En plus d'une apparition au lancement de Pierre Lapointe et d'une performance dans le cadre de la Nuit blanche, Albin de la Simone a profité de son séjour au Québec pour présenter son nouveau disque, Un homme. Ses chansons racontent des histoires de gars, sans les gros bras.

Avant de s'afficher au micro, Albin de la Simone cumulait les seconds rôles auprès de têtes d'affiche respectées. Il a en effet accompagné pendant des années des artistes tels Salif Keita, Souchon et Arthur H. C'est avec ceux qu'il accompagnait sur scène, aux claviers, qu'il a fait ses premières visites au Québec il y a 20 ans. Puis, au tournant de l'an 2000, il prend les devants: il se met à écrire.

«Je chante et je compose des chansons parce que j'écris des textes. C'est à partir de ces textes que je deviens chanteur», établit-il. Albin de la Simone continue à collaborer avec d'autres artistes, notamment Vanessa Paradis, Keren Ann, Jérôme Minière et Pierre Lapointe (il était du concert-lancement de l'album Punkt), mais, lorsqu'il monte sur scène, c'est désormais pour porter ses propres mots.

Sur son plus récent disque, Un homme, il aborde un sujet plus délicat et complexe qu'il n'y paraît: la condition masculine. La sienne, bien sûr, mais pas seulement. Et il le fait d'une plume raffinée, jamais tape-à-l'oeil, même si elle apprécie les formules imagées et précises jusque dans les ellipses.

«Ce n'est qu'après coup que j'ai réalisé que, sur les 11 chansons que j'avais écrites, 10 évoquaient d'une façon ou d'une autre le fait d'être un homme», soutient Albin de la Simone. L'artiste insiste: il n'a pas réfléchi à la condition masculine en général au moment d'écrire ses textes. «C'est une expression artistique, ce n'est pas un travail sociologique», dit-il.

L'effet demeure le même: en 10 morceaux soigneusement arrangés et portés le plus souvent par des guitares électriques tamisées, de l'orgue ou des claviers chaloupés et un peu de cordes lyriques, il fait le portrait d'hommes fragilisés, à des kilomètres des beaufs niais, des hommes mous ou des machos souvent dépeints dans les publicités. Sans apitoiement et sans non plus s'empêcher de rigoler un peu.
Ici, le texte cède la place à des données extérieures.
(* Let $T:F\to E$ be a positive linear operator between Archimedean vector lattices, and assume that $F$ or $E$ has the $\sigma$-property. If $H$ is a sublattice of $F$ such that $T|_{H}$ is $\sigma$-order continuous, then $T|_{\overline{H}^{1}}$ and $T|_{\overline{H}}$ are $\sigma$-order continuous, where $\overline{H}^1$ and $\overline H$ are the adherence and the closure of $H$ with respect to the uniform convergence on $F$.
   Context: For $e\in F_+$, $F_e=\bigcup_{\lambda\ge0}\lambda[-e,e]$ with norm $\|f\|_e=\inf\{\lambda\ge0:|f|\le\lambda e\}$. A net $(f_\alpha)$ converges uniformly to $f$ if there is $e\in F_+$ with $f\in F_e$ and, for every $\varepsilon>0$, eventually $\|f_\alpha-f\|_e\le\varepsilon$ (in particular $f_\alpha\in F_e$). The (uniform) adherence $\overline{H}^1$ is the set of uniform limits of nets in $H$; a set is closed if it equals its adherence; $\overline H$ is the intersection of all closed sets containing $H$. A vector lattice has the $\sigma$-property if every countable subset is contained in a principal ideal $F_e$. For a sublattice $G\subset F$, $T|_G$ is $\sigma$-order continuous if for every sequence $(g_n)\subset G$ that is decreasing with infimum $0$ in $G$, the sequence $(Tg_n)$ decreases to $0_E$ (infimum $0$ in $E$). *)

theory Defs
  imports Complex_Main "HOL-Library.Countable_Set"
begin

definition vabs :: "'a::{ordered_real_vector, lattice} \<Rightarrow> 'a" where
  "vabs f = sup f (- f)"

definition archimedean_vl :: "'a::{ordered_real_vector, lattice} itself \<Rightarrow> bool" where
  "archimedean_vl _ \<longleftrightarrow>
     (\<forall>x y :: 'a. 0 \<le> x \<longrightarrow> (\<forall>n::nat. real n *\<^sub>R x \<le> y) \<longrightarrow> x = 0)"

definition principal_ideal :: "'a::{ordered_real_vector, lattice} \<Rightarrow> 'a set" where
  "principal_ideal e = {f. \<exists>l::real. l \<ge> 0 \<and> vabs f \<le> l *\<^sub>R e}"

definition enorm :: "'a::{ordered_real_vector, lattice} \<Rightarrow> 'a \<Rightarrow> real" where
  "enorm e f = Inf {l::real. l \<ge> 0 \<and> vabs f \<le> l *\<^sub>R e}"

definition sigma_property :: "'a::{ordered_real_vector, lattice} itself \<Rightarrow> bool" where
  "sigma_property _ \<longleftrightarrow>
     (\<forall>C :: 'a set. countable C \<longrightarrow> (\<exists>e\<ge>0. C \<subseteq> principal_ideal e))"

text \<open>Uniform convergence of a net, given as a function on an index type together
  with the filter of its tails (the "eventually" filter of the directed index set).\<close>
definition uniform_conv ::
  "('i \<Rightarrow> 'a::{ordered_real_vector, lattice}) \<Rightarrow> 'i filter \<Rightarrow> 'a \<Rightarrow> bool" where
  "uniform_conv x \<F> f \<longleftrightarrow>
     (\<exists>e\<ge>0. f \<in> principal_ideal e \<and>
        (\<forall>\<epsilon>>0. eventually (\<lambda>\<alpha>. x \<alpha> - f \<in> principal_ideal e \<and> enorm e (x \<alpha> - f) \<le> \<epsilon>) \<F>))"

text \<open>Uniform adherence: limits of nets in H. A net is represented by its proper
  tail filter on the space itself (nets and proper filters give the same limits).\<close>
definition uadherence :: "'a::{ordered_real_vector, lattice} set \<Rightarrow> 'a set" where
  "uadherence H = {f. \<exists>\<F>::'a filter. \<F> \<noteq> bot \<and> eventually (\<lambda>g. g \<in> H) \<F> \<and> uniform_conv id \<F> f}"

definition uclosed :: "'a::{ordered_real_vector, lattice} set \<Rightarrow> bool" where
  "uclosed C \<longleftrightarrow> uadherence C = C"

definition uclosure :: "'a::{ordered_real_vector, lattice} set \<Rightarrow> 'a set" where
  "uclosure H = \<Inter>{C. H \<subseteq> C \<and> uclosed C}"

definition vector_sublattice :: "'a::{ordered_real_vector, lattice} set \<Rightarrow> bool" where
  "vector_sublattice G \<longleftrightarrow> 0 \<in> G \<and>
     (\<forall>x\<in>G. \<forall>y\<in>G. x + y \<in> G \<and> sup x y \<in> G \<and> inf x y \<in> G) \<and>
     (\<forall>c::real. \<forall>x\<in>G. c *\<^sub>R x \<in> G)"

definition is_inf_in :: "'a::order set \<Rightarrow> 'a set \<Rightarrow> 'a \<Rightarrow> bool" where
  "is_inf_in G A x \<longleftrightarrow> x \<in> G \<and> (\<forall>a\<in>A. x \<le> a) \<and> (\<forall>y\<in>G. (\<forall>a\<in>A. y \<le> a) \<longrightarrow> y \<le> x)"

definition positive_op ::
  "('f::{ordered_real_vector, lattice} \<Rightarrow> 'e::{ordered_real_vector, lattice}) \<Rightarrow> bool" where
  "positive_op T \<longleftrightarrow> linear T \<and> (\<forall>x. 0 \<le> x \<longrightarrow> 0 \<le> T x)"

definition sigma_oc_on ::
  "('f::{ordered_real_vector, lattice} \<Rightarrow> 'e::{ordered_real_vector, lattice}) \<Rightarrow> 'f set \<Rightarrow> bool" where
  "sigma_oc_on T G \<longleftrightarrow>
     (\<forall>g :: nat \<Rightarrow> 'f. (\<forall>n. g n \<in> G) \<longrightarrow> decseq g \<longrightarrow> is_inf_in G (range g) 0 \<longrightarrow>
        decseq (\<lambda>n. T (g n)) \<and> is_inf_in UNIV (range (\<lambda>n. T (g n))) 0)"

end

theory Submission
  imports Defs
begin

(* Call f approximable (relative to a positive p and some u >= 0) if for every eps > 0 there
   are h_k in H and errors w_k >= 0 with |f - h_k| <= w_k and inf_k w_k = 0, such that every
   finite family of the w_k is dominated by some B with p B <= eps u.  Elements of H are
   approximable, and a diagonal argument shows that uniform limits of approximable elements
   are approximable, so the whole uniform closure is.  The sigma-property of the target of p
   (p = id if F has it, p = T if E has it) provides one u serving countably many elements.

   If now g_n decreases to 0 in some G between H and its uniform closure, approximate each
   g_j with eps 2^-(j+1) in place of eps.  The positive parts of the finite infima of the
   approximants h_jk, j, k <= n, decrease to 0 in H, hence their images under T decrease to 0
   in E, and T g_n exceeds the n-th image by at most eps u.  So every lower bound of (T g_n)
   is below eps u for all eps > 0, hence below 0 since E is Archimedean. *)

lemma positive_op_linear: "positive_op T \<Longrightarrow> linear T"
  by (simp add: positive_op_def)

lemma positive_op_nonneg: "positive_op T \<Longrightarrow> 0 \<le> x \<Longrightarrow> 0 \<le> T x"
  by (simp add: positive_op_def)

lemma positive_op_mono:
  assumes "positive_op T" "x \<le> y"
  shows "T x \<le> T y"
proof -
  have "0 \<le> T (y - x)" using assms by (simp add: positive_op_def)
  also have "T (y - x) = T y - T x" using assms(1) by (simp add: positive_op_def linear_diff)
  finally show ?thesis by simp
qed

lemma positive_op_id: "positive_op (id :: 'a::{ordered_real_vector, lattice} \<Rightarrow> 'a)"
  by (simp add: positive_op_def linear_id)

lemma archimedean_vl_le_zero:
  fixes z e :: "'a::{ordered_real_vector, lattice}"
  assumes arch: "archimedean_vl TYPE('a)" and e: "0 \<le> e"
    and le: "\<And>d. d > 0 \<Longrightarrow> z \<le> d *\<^sub>R e"
  shows "z \<le> 0"
proof -
  have "real n *\<^sub>R sup z 0 \<le> e" for n :: nat
  proof (cases "n = 0")
    case False
    then have n: "real n > 0" by simp
    have "sup z 0 \<le> (1 / real n) *\<^sub>R e"
      using le[of "1 / real n"] n e by (simp add: scaleR_nonneg_nonneg)
    then have "real n *\<^sub>R sup z 0 \<le> real n *\<^sub>R ((1 / real n) *\<^sub>R e)"
      by (rule scaleR_left_mono) simp
    with n show ?thesis by simp
  qed (use e in simp)
  then have "sup z 0 = 0"
    using arch unfolding archimedean_vl_def by (meson sup_ge2)
  then show ?thesis by (metis sup_ge1)
qed

lemma sum_half_powers_le_one: "(\<Sum>i\<le>n. (1/2::real) ^ Suc i) \<le> 1"
proof -
  have "(\<Sum>i\<le>n. (1/2::real) ^ Suc i) = 1 - (1/2) ^ Suc n"
    by (induction n) simp_all
  then show ?thesis by simp
qed

lemma sum_half_powers_shift_le: "(\<Sum>i\<le>n. (1/2::real) ^ (s + Suc i)) \<le> (1/2) ^ s"
proof -
  have "(\<Sum>i\<le>n. (1/2::real) ^ (s + Suc i)) = (1/2) ^ s * (\<Sum>i\<le>n. (1/2) ^ Suc i)"
    by (simp add: power_add sum_distrib_left)
  also have "\<dots> \<le> (1/2) ^ s"
    using sum_half_powers_le_one[of n] by (simp add: mult_left_le)
  finally show ?thesis .
qed

lemma vabs_nonneg: "0 \<le> vabs (f :: 'a::{ordered_real_vector, lattice})"
proof -
  have "0 \<le> vabs f + vabs f"
    using add_mono[of f "vabs f" "- f" "vabs f"] unfolding vabs_def by simp
  then have "0 \<le> (1/2::real) *\<^sub>R (vabs f + vabs f)"
    by (rule scaleR_nonneg_nonneg[rotated]) simp
  then show ?thesis by (simp flip: scaleR_2)
qed

lemma vabs_le_iff: "vabs f \<le> a \<longleftrightarrow> f \<le> a \<and> - f \<le> a"
  by (simp add: vabs_def)

lemma vabs_le_of_enorm_less:
  assumes "f \<in> principal_ideal e" "0 \<le> e" "enorm e f < \<epsilon>"
  shows "vabs f \<le> \<epsilon> *\<^sub>R e"
proof -
  let ?L = "{l::real. l \<ge> 0 \<and> vabs f \<le> l *\<^sub>R e}"
  have "?L \<noteq> {}" using assms(1) unfolding principal_ideal_def by blast
  moreover have "Inf ?L < \<epsilon>" using assms(3) unfolding enorm_def .
  ultimately obtain l where "l \<in> ?L" "l < \<epsilon>" by (rule cInf_lessD[THEN bexE])
  then have "vabs f \<le> l *\<^sub>R e" "l *\<^sub>R e \<le> \<epsilon> *\<^sub>R e"
    using assms(2) by (auto intro: scaleR_right_mono)
  then show ?thesis by (rule order_trans)
qed
section \<open>The density \<open>q\<close> and its PDE\<close>

lemma has_integral_normal_density_subordinated:
  fixes H1 H2 t x :: real and M :: "'a measure" and Z :: "'a \<Rightarrow> real" and g :: "real \<Rightarrow> real"
  assumes H1: "0 < H1" and t: "0 < t" and x: "x \<noteq> 0"
    and Z: "distributed M lborel Z (\<lambda>z. ennreal (normal_density 0 (t powr H2) z))"
    and g: "distributed M lborel (\<lambda>\<omega>. \<bar>Z \<omega>\<bar> powr (1 / H1)) (\<lambda>s. ennreal (g s))"
    and g_nonneg: "\<And>s. 0 \<le> g s"
  shows "((\<lambda>s. normal_density 0 (s powr H1) x * g s) has_integral qdens H2 x t) {0<..}"
proof -
  define \<sigma> where "\<sigma> = t powr H2"
  have \<sigma>: "0 < \<sigma>" unfolding \<sigma>_def using t by simp
  have [measurable]: "g \<in> borel_measurable borel"
    using distributed_real_measurable[OF _ g] g_nonneg by simp
  have [measurable]: "Z \<in> borel_measurable M" using distributed_measurable[OF Z] by simp
  define f where "f s = (if s \<in> {0<..} then normal_density 0 (s powr H1) x * g s else 0)" for s
  have f_measurable: "f \<in> borel_measurable borel" unfolding f_def normal_density_def by measurable
  have f_nonneg: "0 \<le> f s" for s unfolding f_def using g_nonneg by simp
  have subordinate: "indicator {0<..} (\<bar>z\<bar> powr (1 / H1)) * normal_density 0 ((\<bar>z\<bar> powr (1 / H1)) powr H1) x
                      = normal_density 0 \<bar>z\<bar> x" for z
    using H1 by (cases "z = 0") (auto simp: normal_density_def powr_powr)
  have "(\<integral>\<^sup>+s. ennreal (f s) \<partial>lborel) =
      (\<integral>\<^sup>+s. ennreal (g s) * ennreal (indicator {0<..} s * normal_density 0 (s powr H1) x) \<partial>lborel)"
    unfolding f_def using g_nonneg by (intro nn_integral_cong) (auto simp: ennreal_mult' mult.commute)
  also have "\<dots> = (\<integral>\<^sup>+\<omega>. ennreal (indicator {0<..} (\<bar>Z \<omega>\<bar> powr (1 / H1)) *
       normal_density 0 ((\<bar>Z \<omega>\<bar> powr (1 / H1)) powr H1) x) \<partial>M)"
    by (rule distributed_nn_integral[OF g]) (unfold normal_density_def, measurable)
  also have "\<dots> = (\<integral>\<^sup>+\<omega>. ennreal (normal_density 0 \<bar>Z \<omega>\<bar> x) \<partial>M)"
    by (simp only: subordinate)
  also have "\<dots> = (\<integral>\<^sup>+z. ennreal (normal_density 0 \<sigma> z) * ennreal (normal_density 0 \<bar>z\<bar> x) \<partial>lborel)"
    unfolding \<sigma>_def
    by (rule distributed_nn_integral[OF Z, symmetric]) (unfold normal_density_def, measurable)
  also have "\<dots> = ennreal (qdens H2 x t)"
    using nn_integral_normal_density_scale_mixture[OF x \<sigma>] unfolding qdens_def \<sigma>_def by simp
  finally have "(\<integral>\<^sup>+s. ennreal (f s) \<partial>lborel) = ennreal (qdens H2 x t)" .
  moreover have "0 \<le> qdens H2 x t"
    using t besselK0_moment_nonneg[of 0] by (simp add: qdens_def besselK0_moment_0)
  ultimately have "(f has_integral qdens H2 x t) UNIV"
    by (rule nn_integral_has_integral[OF f_measurable f_nonneg])
  thus ?thesis unfolding f_def has_integral_restrict_UNIV .
qed
(* Let $\delta>0$. If the distribution function $F$ of the conductances varies regularly at zero with index $\gamma>0$, then $\mathbb P$-a.s. for all $n$ large enough $\lambda_1^{(n)}\le n^{-\frac1{2\gamma}+\delta}$. If moreover $F(a)=a^\gamma$ for all $a\in[0,1]$, then for every $\epsilon>0$, $\mathbb P$-a.s. for all $n$ large enough $\lambda_1^{(n)}\le 2d\, n^{-\frac1{2\gamma}}\big((2+\epsilon)\log\log n\big)^{\frac1{2d\gamma}}$.
   Context: Let $d\ge 2$, $\mathfrak E_d$ the nearest-neighbour edges of $\mathbb Z^d$, $x\sim y$ if $|x-y|_1=1$. Conductances $(w_e)_{e\in\mathfrak E_d}$ are i.i.d. $(0,\infty)$-valued with law $\mathbb P$, and $F(u)=\mathbb P[w\le u]$. $B_n=[-n,n]^d\cap\mathbb Z^d$. $\mathcal E^{\boldsymbol w}(f)=\frac12\sum_{x}\sum_{y\sim x}w_{xy}(f(x)-f(y))^2$ and $\lambda_1^{(n)}=\inf\{\mathcal E^{\boldsymbol w}(f): f\in\ell^2(\mathbb Z^d)\text{ real},\ \mathrm{supp}\,f\subseteq B_n,\ \|f\|_2=1\}$ (principal Dirichlet eigenvalue of $-\mathcal L_{\boldsymbol w}$, $(\mathcal L_{\boldsymbol w}f)(x)=\sum_{y\sim x}w_{xy}(f(y)-f(x))$, in $B_n$). $F$ varies regularly at zero with index $\gamma$ if $F(u)=u^\gamma L(u)$ with $L(Cu)/L(u)\to1$ as $u\to0$ for all $C>0$. *)

theory Defs
  imports "HOL-Probability.Probability"
begin

text \<open>Points of Z^d are vectors int^'d, the dimension d being CARD('d).\<close>

definition nn_adj :: "int^'d \<Rightarrow> int^'d \<Rightarrow> bool" where
  "nn_adj x y \<longleftrightarrow> (\<Sum>i\<in>UNIV. \<bar>x$i - y$i\<bar>) = 1"

definition nn_edges :: "(int^'d) set set" where
  "nn_edges = {{x, y} | x y. nn_adj x y}"

definition box :: "nat \<Rightarrow> (int^'d) set" where
  "box n = {x. \<forall>i. \<bar>x$i\<bar> \<le> int n}"

definition dir_energy :: "((int^'d) set \<Rightarrow> real) \<Rightarrow> (int^'d \<Rightarrow> real) \<Rightarrow> real" where
  "dir_energy w f = (1/2) * (\<Sum>\<^sub>\<infinity>x\<in>UNIV. (\<Sum>y\<in>{y. nn_adj x y}. w {x, y} * (f x - f y)^2))"

text \<open>Principal Dirichlet eigenvalue of the generator in B_n (variational characterisation).\<close>
definition lambda1 :: "((int^'d) set \<Rightarrow> real) \<Rightarrow> nat \<Rightarrow> real" where
  "lambda1 w n = Inf {dir_energy w f | f :: int^'d \<Rightarrow> real.
       (\<forall>x. x \<notin> box n \<longrightarrow> f x = 0) \<and> (\<Sum>\<^sub>\<infinity>x\<in>UNIV. (f x)^2) = 1}"

definition regvar_zero :: "(real \<Rightarrow> real) \<Rightarrow> real \<Rightarrow> bool" where
  "regvar_zero F \<gamma> \<longleftrightarrow> (\<exists>L. (\<forall>u>0. F u = u powr \<gamma> * L u) \<and>
      (\<forall>C>0. ((\<lambda>u. L (C * u) / L u) \<longlongrightarrow> 1) (at_right 0)))"

end

theory Submission
  imports Defs "HOL-Real_Asymp.Real_Asymp"
begin

text \<open>The principal eigenvalue in \<open>B_n\<close> is at most the energy of the indicator of a single
  site \<open>x \<in> B_n\<close>, i.e. the total conductance of the \<open>2d\<close> edges at \<open>x\<close>; so it suffices to find
  a site all of whose conductances are small. Sites of even coordinate sum are pairwise
  non-adjacent, so their stars of edges are disjoint and independent, and the probability
  that none of the \<open>\<ge> 2^(d-1) m^d\<close> even sites of \<open>B_m\<close> has all its conductances below \<open>a\<close> is at
  most \<open>exp (- 2^(d-1) m^d F(a)^(2d))\<close>. Choosing thresholds \<open>a_k\<close> that make these bounds
  summable along \<open>m = k\<close> (resp. \<open>m = 2^k\<close>), Borel--Cantelli gives the result: for the first
  rate via Potter's bound \<open>F(u) \<ge> c u^(\<gamma>+\<eta>)\<close>, for the second using \<open>F(a) = a^\<gamma>\<close> exactly and
  interpolating between dyadic scales.\<close>

definition shift :: "int^'d \<Rightarrow> 'd \<Rightarrow> int \<Rightarrow> int^'d" where
  "shift x i s = (\<chi> j. if j = i then x$j + s else x$j)"

lemma nn_adj_sym: "nn_adj x y = nn_adj y x"
  unfolding nn_adj_def by (simp add: abs_minus_commute)

lemma nn_adj_irrefl: "\<not> nn_adj x x"
  unfolding nn_adj_def by simp

lemma nn_adj_shift:
  assumes "s \<in> {-1, 1}" shows "nn_adj x (shift x i s)"
proof -
  have "(\<Sum>j\<in>UNIV. \<bar>x$j - shift x i s $ j\<bar>) = (\<Sum>j\<in>UNIV. if j = i then 1 else 0)"
    by (rule sum.cong) (use assms in \<open>auto simp: shift_def\<close>)
  then show ?thesis unfolding nn_adj_def by simp
qed

lemma nn_adj_imp_shift:
  assumes "nn_adj x y" obtains i s where "s \<in> {-1, 1}" and "y = shift x i s"
proof -
  define t where "t j = \<bar>x$j - y$j\<bar>" for j
  have sum_t: "(\<Sum>j\<in>UNIV. t j) = 1" using assms unfolding nn_adj_def t_def by simp
  have t_nonneg: "t j \<ge> 0" for j unfolding t_def by simp
  obtain i where "t i \<noteq> 0"
    using sum_t by (metis sum.neutral zero_neq_one)
  have split: "(\<Sum>j\<in>UNIV. t j) = t i + (\<Sum>j\<in>UNIV-{i}. t j)"
    by (simp add: sum.remove)
  have "(\<Sum>j\<in>UNIV-{i}. t j) \<ge> 0" by (rule sum_nonneg) (simp add: t_nonneg)
  then have ti: "t i = 1" and rest: "(\<Sum>j\<in>UNIV-{i}. t j) = 0"
    using sum_t split \<open>t i \<noteq> 0\<close> t_nonneg[of i] by linarith+
  have others: "t j = 0" if "j \<noteq> i" for j
    using rest sum_nonneg_eq_0_iff[of "UNIV-{i}" t] t_nonneg that by simp
  show ?thesis
  proof
    show "y$i - x$i \<in> {-1, 1}" using ti unfolding t_def by (auto simp: abs_if split: if_splits)
    show "y = shift x i (y$i - x$i)"
      unfolding vec_eq_iff shift_def using others unfolding t_def by auto
  qed
qed

lemma neighbours_eq: "{y. nn_adj x y} = (\<lambda>(i, s). shift x i s) ` (UNIV \<times> {-1, 1})"
  by (auto intro: nn_adj_shift elim!: nn_adj_imp_shift)

lemma finite_neighbours: "finite {y. nn_adj (x::int^'d) y}"
  unfolding neighbours_eq by simp

lemma card_neighbours_le: "card {y. nn_adj (x::int^'d) y} \<le> 2 * CARD('d)"
proof -
  have "card {y. nn_adj x y} \<le> card ((UNIV::'d set) \<times> {-1::int, 1})"
    unfolding neighbours_eq by (intro card_image_le) auto
  also have "\<dots> = 2 * CARD('d)" by (simp add: card_cartesian_product)
  finally show ?thesis .
qed

lemma neighbours_nonempty: "{y. nn_adj (x::int^'d) y} \<noteq> {}"
  using nn_adj_shift[of 1 x undefined] by auto

lemma sum_shift: "(\<Sum>j\<in>UNIV. shift x i s $ j) = (\<Sum>j\<in>UNIV. x$j) + s"
proof -
  have "(\<Sum>j\<in>UNIV. shift x i s $ j) = (\<Sum>j\<in>UNIV. x$j + (if j = i then s else 0))"
    by (rule sum.cong) (auto simp: shift_def)
  then show ?thesis by (simp add: sum.distrib)
qed

lemma nn_adj_odd_coordinate_sum:
  assumes "nn_adj x y" shows "odd ((\<Sum>j\<in>UNIV. x$j) + (\<Sum>j\<in>UNIV. y$j))"
proof -
  obtain i s where "s \<in> {-1, 1}" and "y = shift x i s"
    using assms by (rule nn_adj_imp_shift)
  then show ?thesis by (auto simp: sum_shift)
qed

lemma dir_energy_nonneg:
  assumes "\<And>x y. nn_adj x y \<Longrightarrow> w {x, y} \<ge> 0"
  shows "dir_energy w f \<ge> 0"
  unfolding dir_energy_def using assms
  by (intro mult_nonneg_nonneg infsum_nonneg sum_nonneg) auto

lemma dir_energy_indicator:
  fixes x :: "int^'d"
  shows "dir_energy w (\<lambda>z. if z = x then 1 else 0) = (\<Sum>y\<in>{y. nn_adj x y}. w {x, y})"
proof -
  define S where "S = (\<Sum>y\<in>{y. nn_adj x y}. w {x, y})"
  define g where "g z = (\<Sum>y\<in>{y. nn_adj z y}.
      w {z, y} * ((if z = x then 1 else 0) - (if y = x then 1 else 0))^2)" for z :: "int^'d"
  have g: "g z = (if z = x then S else if nn_adj x z then w {x, z} else 0)" for z
  proof (cases "z = x")
    case True
    then show ?thesis unfolding g_def S_def
      by (auto intro!: sum.cong simp: nn_adj_irrefl)
  next
    case False
    then have "g z = (\<Sum>y\<in>{y. nn_adj z y}. if y = x then w {z, y} else 0)"
      unfolding g_def by (intro sum.cong) auto
    also have "\<dots> = (if nn_adj x z then w {x, z} else 0)"
      using finite_neighbours[of z] by (simp add: nn_adj_sym insert_commute)
    finally show ?thesis using False by simp
  qed
  have "(\<Sum>\<^sub>\<infinity>z\<in>UNIV. g z) = (\<Sum>\<^sub>\<infinity>z\<in>insert x {y. nn_adj x y}. g z)"
    by (rule infsum_cong_neutral) (auto simp: g)
  also have "\<dots> = g x + (\<Sum>z\<in>{y. nn_adj x y}. g z)"
    using finite_neighbours[of x] by (simp add: nn_adj_irrefl)
  also have "\<dots> = 2 * S"
  proof -
    have "(\<Sum>z\<in>{y. nn_adj x y}. g z) = S"
      unfolding S_def by (rule sum.cong) (auto simp: g nn_adj_irrefl)
    then show ?thesis by (simp add: g)
  qed
  finally show ?thesis unfolding dir_energy_def g_def S_def by simp
qed

lemma lambda1_le_conductance_bound:
  fixes w :: "(int^'d) set \<Rightarrow> real" and x :: "int^'d"
  assumes nonneg: "\<And>x y. nn_adj x y \<Longrightarrow> w {x, y} \<ge> 0"
    and "x \<in> box n"
    and le: "\<And>y. nn_adj x y \<Longrightarrow> w {x, y} \<le> a"
  shows "lambda1 w n \<le> 2 * real CARD('d) * a"
proof -
  define ind where "ind = (\<lambda>z::int^'d. if z = x then 1 else (0::real))"
  have "(\<Sum>\<^sub>\<infinity>z\<in>UNIV. (ind z)^2) = (\<Sum>\<^sub>\<infinity>z\<in>{x}. (ind z)^2)"
    by (rule infsum_cong_neutral) (auto simp: ind_def)
  then have "(\<Sum>\<^sub>\<infinity>z\<in>UNIV. (ind z)^2) = 1" by (simp add: ind_def)
  moreover have "dir_energy w f \<ge> 0" for f using nonneg by (rule dir_energy_nonneg)
  ultimately have "lambda1 w n \<le> dir_energy w ind"
    unfolding lambda1_def using \<open>x \<in> box n\<close>
    by (intro cInf_lower bdd_belowI[of _ 0]) (auto simp: ind_def)
  also have "\<dots> = (\<Sum>y\<in>{y. nn_adj x y}. w {x, y})"
    unfolding ind_def by (rule dir_energy_indicator)
  also have "\<dots> \<le> real (card {y. nn_adj x y}) * a"
    using sum_bounded_above[of "{y. nn_adj x y}" "\<lambda>y. w {x, y}" a] le by simp
  also have "\<dots> \<le> 2 * real CARD('d) * a"
  proof -
    obtain y where "nn_adj x y" using neighbours_nonempty[of x] by auto
    then have "a \<ge> 0" using nonneg le by force
    moreover have "real (card {y. nn_adj x y}) \<le> 2 * real CARD('d)"
      using card_neighbours_le[of x] by linarith
    ultimately show ?thesis by (simp add: mult_right_mono)
  qed
  finally show ?thesis .
qed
Mes épaules, qui ouvre l'album, dit sur une mélodie accrocheuse les doutes de l'homme face au poids des responsabilités familiales. «Je voulais qu'elle raconte exactement ce que je ressens», révèle l'auteur-compositeur. D'autres sont des constructions fictives. Comme Tu vas rire, où un homme raconte ses aventures passées à la femme qu'il s'apprête à épouser... L'inquiétude point derrière l'humour caustique.

Le droit à la complexité

«L'écriture de chanson est un travail de précision, insiste Albin de la Simone, qui dit utiliser l'humour avec beaucoup de circonspection. Un mot peut avoir un effet sur la perception du texte en entier. Si on change un mot au début, il faut parfois en changer un à la fin pour garder l'équilibre. C'est d'une complexité folle, mais passionnante.»

Un homme se trouve à des lieues du Cali époque Menteur, teinté par le discours masculiniste. Albin de la Simone ne revendique rien, sauf le droit à la nuance et à la complexité. Sans surprise, ses chansons sont douces, bien qu'elles misent sur des arrangements plus étoffés qu'auparavant.

Il croit avoir trouvé le point d'équilibre pour mettre en valeur sa musique, ses mots et sa voix. «Ma voix ne peut pas faire beaucoup comparativement à d'autres voix ou à des instruments, convient-il. Là où s'arrêtent les possibilités de ma voix commencent celles de la musique.»